(* In every psi-calculus: let $B\subseteq\mathcal N$ be finite with $B\#P$, let $\Psi\rhd P\xrightarrow{\alpha}P'$ with $\alpha\neq\tau$, and let $\mathcal F(P)=(\nu\tilde b_P)\Psi_P$ with $\tilde b_P\#\Psi,P,\mathrm{subj}(\alpha),B$. Then there exists a term $M$ such that $B\#M$ and $\Psi\otimes\Psi_P\vdash M\leftrightarrow\mathrm{subj}(\alpha)$.
   Context: Names: a countably infinite set $\mathcal N$ of atomic names. A nominal set is a set equipped with name swapping operations $(a\;b)\cdot X$ satisfying the usual axioms; the support $\mathrm n(X)$ of an element is the set of names affected by swappings, assumed finite; $a \# X$ ("$a$ fresh for $X$") means $a\notin \mathrm n(X)$, and $A\#X$ for a set/sequence $A$ means every element of $A$ is fresh for $X$. A function/relation is equivariant if it commutes with all swappings. $\tilde a$ denotes a finite sequence of names (also used as the set of its elements). Psi-calculus: given by three nominal datatypes $\mathbf T$ (terms, ranged over by $M,N,K,L$), $\mathbf C$ (conditions, $\varphi$), $\mathbf A$ (assertions, $\Psi$), equivariant operators $\leftrightarrow:\mathbf T\times\mathbf T\to\mathbf C$ (channel equivalence), $\otimes:\mathbf A\times\mathbf A\to\mathbf A$ (composition), $\mathbf 1\in\mathbf A$ (unit), $\vdash\subseteq\mathbf A\times\mathbf C$ (entailment), and equivariant substitution functions $X[\tilde a:=\tilde T]$ (substituting terms for distinct names) on $\mathbf T,\mathbf C,\mathbf A$ satisfying: (S1) if $\tilde a\subseteq\mathrm n(X)$ and $b\in\mathrm n(\tilde T)$ then $b\in\mathrm n(X[\tilde a:=\tilde T])$; (S2) if $\tilde b\# X,\tilde a$ then $X[\tilde a:=\tilde T]=((\tilde b\;\tilde a)\cdot X)[\tilde b:=\tilde T]$. Assertions are equivalent, $\Psi\simeq\Psi'$, if for all $\varphi$: $\Psi\vdash\varphi\iff\Psi'\vdash\varphi$. Required: $\Psi\vdash M\leftrightarrow N\Rightarrow\Psi\vdash N\leftrightarrow M$; $\Psi\vdash M\leftrightarrow N\wedge\Psi\vdash N\leftrightarrow L\Rightarrow\Psi\vdash M\leftrightarrow L$; $\Psi\simeq\Psi'\Rightarrow\Psi\otimes\Psi''\simeq\Psi'\otimes\Psi''$; $\Psi\otimes\mathbf 1\simeq\Psi$; $(\Psi\otimes\Psi')\otimes\Psi''\simeq\Psi\otimes(\Psi'\otimes\Psi'')$; $\Psi\otimes\Psi'\simeq\Psi'\otimes\Psi$. Frames: $(\nu\tilde b)\Psi$ with $\tilde b$ binding into $\Psi$, identified up to alpha-equivalence; $(\nu\tilde b_1)\Psi_1\otimes(\nu\tilde b_2)\Psi_2=(\nu\tilde b_1\tilde b_2)(\Psi_1\otimes\Psi_2)$ with $\tilde b_1\#\tilde b_2,\Psi_2$ and $\tilde b_2\#\tilde b_1,\Psi_1$. Agents: $\mathbf 0$; $\overline M N.P$ (output); $\underline M(\lambda\tilde x)N.P$ (input, $\tilde x\subseteq\mathrm n(N)$ without duplicates, binding in $N$ and $P$); $\mathbf{case}\ \varphi_1:P_1\,[\!]\cdots[\!]\,\varphi_n:P_n$; $(\nu a)P$ (binds $a$); $P\mid Q$; $!P$; $(\!|\Psi|\!)$ (assertion). Agents are identified up to alpha-equivalence. In $!P$ and in each branch $P_i$ of a case, every assertion must occur under an input or output prefix. Substitution on agents is defined homomorphically, avoiding capture. Frame of an agent: $\mathcal F(\mathbf 0)=\mathcal F(\text{input})=\mathcal F(\text{output})=\mathcal F(\mathbf{case}\ldots)=\mathcal F(!P)=\mathbf 1$, $\mathcal F((\!|\Psi|\!))=\Psi$, $\mathcal F(P\mid Q)=\mathcal F(P)\otimes\mathcal F(Q)$, $\mathcal F((\nu b)P)=(\nu b)\mathcal F(P)$. Actions: output $\overline M(\nu\tilde a)N$ with $\tilde a\subseteq\mathrm n(N)$, input $\underline M N$, and $\tau$; $\mathrm{subj}(\overline M(\nu\tilde a)N)=\mathrm{subj}(\underline MN)=M$; $\mathrm{bn}(\overline M(\nu\tilde a)N)=\tilde a$, otherwise $\emptyset$; $\mathrm n(\tau)=\emptyset$, else $\mathrm n(M)\cup\mathrm n(N)$. Transitions $\Psi\rhd P\xrightarrow{\alpha}P'$ are the least relation closed under (symmetric versions of Com and Par included): In: $\Psi\vdash M\leftrightarrow K$ implies $\Psi\rhd\underline M(\lambda\tilde y)N.P\xrightarrow{\underline K\,N[\tilde y:=\tilde L]}P[\tilde y:=\tilde L]$ for any $\tilde L$. Out: $\Psi\vdash M\leftrightarrow K$ implies $\Psi\rhd\overline MN.P\xrightarrow{\overline KN}P$. Case: $\Psi\rhd P_i\xrightarrow\alpha P'$ and $\Psi\vdash\varphi_i$ imply $\Psi\rhd\mathbf{case}\ \tilde\varphi:\tilde P\xrightarrow\alpha P'$. Com: with $\mathcal F(P)=(\nu\tilde b_P)\Psi_P$, $\mathcal F(Q)=(\nu\tilde b_Q)\Psi_Q$, $\tilde b_P\#\Psi,\tilde b_Q,Q,M,P$, $\tilde b_Q\#\Psi,\tilde b_P,P,K,Q$: if $\Psi_Q\otimes\Psi\rhd P\xrightarrow{\overline M(\nu\tilde a)N}P'$, $\Psi_P\otimes\Psi\rhd Q\xrightarrow{\underline KN}Q'$, $\Psi\otimes\Psi_P\otimes\Psi_Q\vdash M\leftrightarrow K$ and $\tilde a\#Q$, then $\Psi\rhd P\mid Q\xrightarrow\tau(\nu\tilde a)(P'\mid Q')$. Par: with $\mathcal F(Q)=(\nu\tilde b_Q)\Psi_Q$, $\tilde b_Q\#\Psi,P,\alpha$: if $\Psi_Q\otimes\Psi\rhd P\xrightarrow\alpha P'$ and $\mathrm{bn}(\alpha)\#Q$ then $\Psi\rhd P\mid Q\xrightarrow\alpha P'\mid Q$. Scope: $\Psi\rhd P\xrightarrow\alpha P'$, $b\#\alpha,\Psi$ imply $\Psi\rhd(\nu b)P\xrightarrow\alpha(\nu b)P'$. Open: $\Psi\rhd P\xrightarrow{\overline M(\nu\tilde a)N}P'$, $b\#\tilde a,\Psi,M$, $b\in\mathrm n(N)$ imply $\Psi\rhd(\nu b)P\xrightarrow{\overline M(\nu\tilde a\cup\{b\})N}P'$. Rep: $\Psi\rhd P\mid !P\xrightarrow\alpha P'$ implies $\Psi\rhd !P\xrightarrow\alpha P'$. $\mathrm{bn}(\alpha)$ binds into the object and derivative; transitions are identified up to alpha-equivalence. *)

theory Defs
  imports Main
begin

- - - -

# What is required
Extract the listing in its entirety, matching it exactly.

# Solution below
(* In every psi-calculus: let $B\subseteq\mathcal N$ be finite with $B\#P$, let $\Psi\rhd P\xrightarrow{\alpha}P'$ with $\alpha\neq\tau$, and let $\mathcal F(P)=(\nu\tilde b_P)\Psi_P$ with $\tilde b_P\#\Psi,P,\mathrm{subj}(\alpha),B$. Then there exists a term $M$ such that $B\#M$ and $\Psi\otimes\Psi_P\vdash M\leftrightarrow\mathrm{subj}(\alpha)$.
   Context: Names: a countably infinite set $\mathcal N$ of atomic names. A nominal set is a set equipped with name swapping operations $(a\;b)\cdot X$ satisfying the usual axioms; the support $\mathrm n(X)$ of an element is the set of names affected by swappings, assumed finite; $a \# X$ ("$a$ fresh for $X$") means $a\notin \mathrm n(X)$, and $A\#X$ for a set/sequence $A$ means every element of $A$ is fresh for $X$. A function/relation is equivariant if it commutes with all swappings. $\tilde a$ denotes a finite sequence of names (also used as the set of its elements). Psi-calculus: given by three nominal datatypes $\mathbf T$ (terms, ranged over by $M,N,K,L$), $\mathbf C$ (conditions, $\varphi$), $\mathbf A$ (assertions, $\Psi$), equivariant operators $\leftrightarrow:\mathbf T\times\mathbf T\to\mathbf C$ (channel equivalence), $\otimes:\mathbf A\times\mathbf A\to\mathbf A$ (composition), $\mathbf 1\in\mathbf A$ (unit), $\vdash\subseteq\mathbf A\times\mathbf C$ (entailment), and equivariant substitution functions $X[\tilde a:=\tilde T]$ (substituting terms for distinct names) on $\mathbf T,\mathbf C,\mathbf A$ satisfying: (S1) if $\tilde a\subseteq\mathrm n(X)$ and $b\in\mathrm n(\tilde T)$ then $b\in\mathrm n(X[\tilde a:=\tilde T])$; (S2) if $\tilde b\# X,\tilde a$ then $X[\tilde a:=\tilde T]=((\tilde b\;\tilde a)\cdot X)[\tilde b:=\tilde T]$. Assertions are equivalent, $\Psi\simeq\Psi'$, if for all $\varphi$: $\Psi\vdash\varphi\iff\Psi'\vdash\varphi$. Required: $\Psi\vdash M\leftrightarrow N\Rightarrow\Psi\vdash N\leftrightarrow M$; $\Psi\vdash M\leftrightarrow N\wedge\Psi\vdash N\leftrightarrow L\Rightarrow\Psi\vdash M\leftrightarrow L$; $\Psi\simeq\Psi'\Rightarrow\Psi\otimes\Psi''\simeq\Psi'\otimes\Psi''$; $\Psi\otimes\mathbf 1\simeq\Psi$; $(\Psi\otimes\Psi')\otimes\Psi''\simeq\Psi\otimes(\Psi'\otimes\Psi'')$; $\Psi\otimes\Psi'\simeq\Psi'\otimes\Psi$. Frames: $(\nu\tilde b)\Psi$ with $\tilde b$ binding into $\Psi$, identified up to alpha-equivalence; $(\nu\tilde b_1)\Psi_1\otimes(\nu\tilde b_2)\Psi_2=(\nu\tilde b_1\tilde b_2)(\Psi_1\otimes\Psi_2)$ with $\tilde b_1\#\tilde b_2,\Psi_2$ and $\tilde b_2\#\tilde b_1,\Psi_1$. Agents: $\mathbf 0$; $\overline M N.P$ (output); $\underline M(\lambda\tilde x)N.P$ (input, $\tilde x\subseteq\mathrm n(N)$ without duplicates, binding in $N$ and $P$); $\mathbf{case}\ \varphi_1:P_1\,[\!]\cdots[\!]\,\varphi_n:P_n$; $(\nu a)P$ (binds $a$); $P\mid Q$; $!P$; $(\!|\Psi|\!)$ (assertion). Agents are identified up to alpha-equivalence. In $!P$ and in each branch $P_i$ of a case, every assertion must occur under an input or output prefix. Substitution on agents is defined homomorphically, avoiding capture. Frame of an agent: $\mathcal F(\mathbf 0)=\mathcal F(\text{input})=\mathcal F(\text{output})=\mathcal F(\mathbf{case}\ldots)=\mathcal F(!P)=\mathbf 1$, $\mathcal F((\!|\Psi|\!))=\Psi$, $\mathcal F(P\mid Q)=\mathcal F(P)\otimes\mathcal F(Q)$, $\mathcal F((\nu b)P)=(\nu b)\mathcal F(P)$. Actions: output $\overline M(\nu\tilde a)N$ with $\tilde a\subseteq\mathrm n(N)$, input $\underline M N$, and $\tau$; $\mathrm{subj}(\overline M(\nu\tilde a)N)=\mathrm{subj}(\underline MN)=M$; $\mathrm{bn}(\overline M(\nu\tilde a)N)=\tilde a$, otherwise $\emptyset$; $\mathrm n(\tau)=\emptyset$, else $\mathrm n(M)\cup\mathrm n(N)$. Transitions $\Psi\rhd P\xrightarrow{\alpha}P'$ are the least relation closed under (symmetric versions of Com and Par included): In: $\Psi\vdash M\leftrightarrow K$ implies $\Psi\rhd\underline M(\lambda\tilde y)N.P\xrightarrow{\underline K\,N[\tilde y:=\tilde L]}P[\tilde y:=\tilde L]$ for any $\tilde L$. Out: $\Psi\vdash M\leftrightarrow K$ implies $\Psi\rhd\overline MN.P\xrightarrow{\overline KN}P$. Case: $\Psi\rhd P_i\xrightarrow\alpha P'$ and $\Psi\vdash\varphi_i$ imply $\Psi\rhd\mathbf{case}\ \tilde\varphi:\tilde P\xrightarrow\alpha P'$. Com: with $\mathcal F(P)=(\nu\tilde b_P)\Psi_P$, $\mathcal F(Q)=(\nu\tilde b_Q)\Psi_Q$, $\tilde b_P\#\Psi,\tilde b_Q,Q,M,P$, $\tilde b_Q\#\Psi,\tilde b_P,P,K,Q$: if $\Psi_Q\otimes\Psi\rhd P\xrightarrow{\overline M(\nu\tilde a)N}P'$, $\Psi_P\otimes\Psi\rhd Q\xrightarrow{\underline KN}Q'$, $\Psi\otimes\Psi_P\otimes\Psi_Q\vdash M\leftrightarrow K$ and $\tilde a\#Q$, then $\Psi\rhd P\mid Q\xrightarrow\tau(\nu\tilde a)(P'\mid Q')$. Par: with $\mathcal F(Q)=(\nu\tilde b_Q)\Psi_Q$, $\tilde b_Q\#\Psi,P,\alpha$: if $\Psi_Q\otimes\Psi\rhd P\xrightarrow\alpha P'$ and $\mathrm{bn}(\alpha)\#Q$ then $\Psi\rhd P\mid Q\xrightarrow\alpha P'\mid Q$. Scope: $\Psi\rhd P\xrightarrow\alpha P'$, $b\#\alpha,\Psi$ imply $\Psi\rhd(\nu b)P\xrightarrow\alpha(\nu b)P'$. Open: $\Psi\rhd P\xrightarrow{\overline M(\nu\tilde a)N}P'$, $b\#\tilde a,\Psi,M$, $b\in\mathrm n(N)$ imply $\Psi\rhd(\nu b)P\xrightarrow{\overline M(\nu\tilde a\cup\{b\})N}P'$. Rep: $\Psi\rhd P\mid !P\xrightarrow\alpha P'$ implies $\Psi\rhd !P\xrightarrow\alpha P'$. $\mathrm{bn}(\alpha)$ binds into the object and derivative; transitions are identified up to alpha-equivalence. *)

theory Defs
  imports Main
begin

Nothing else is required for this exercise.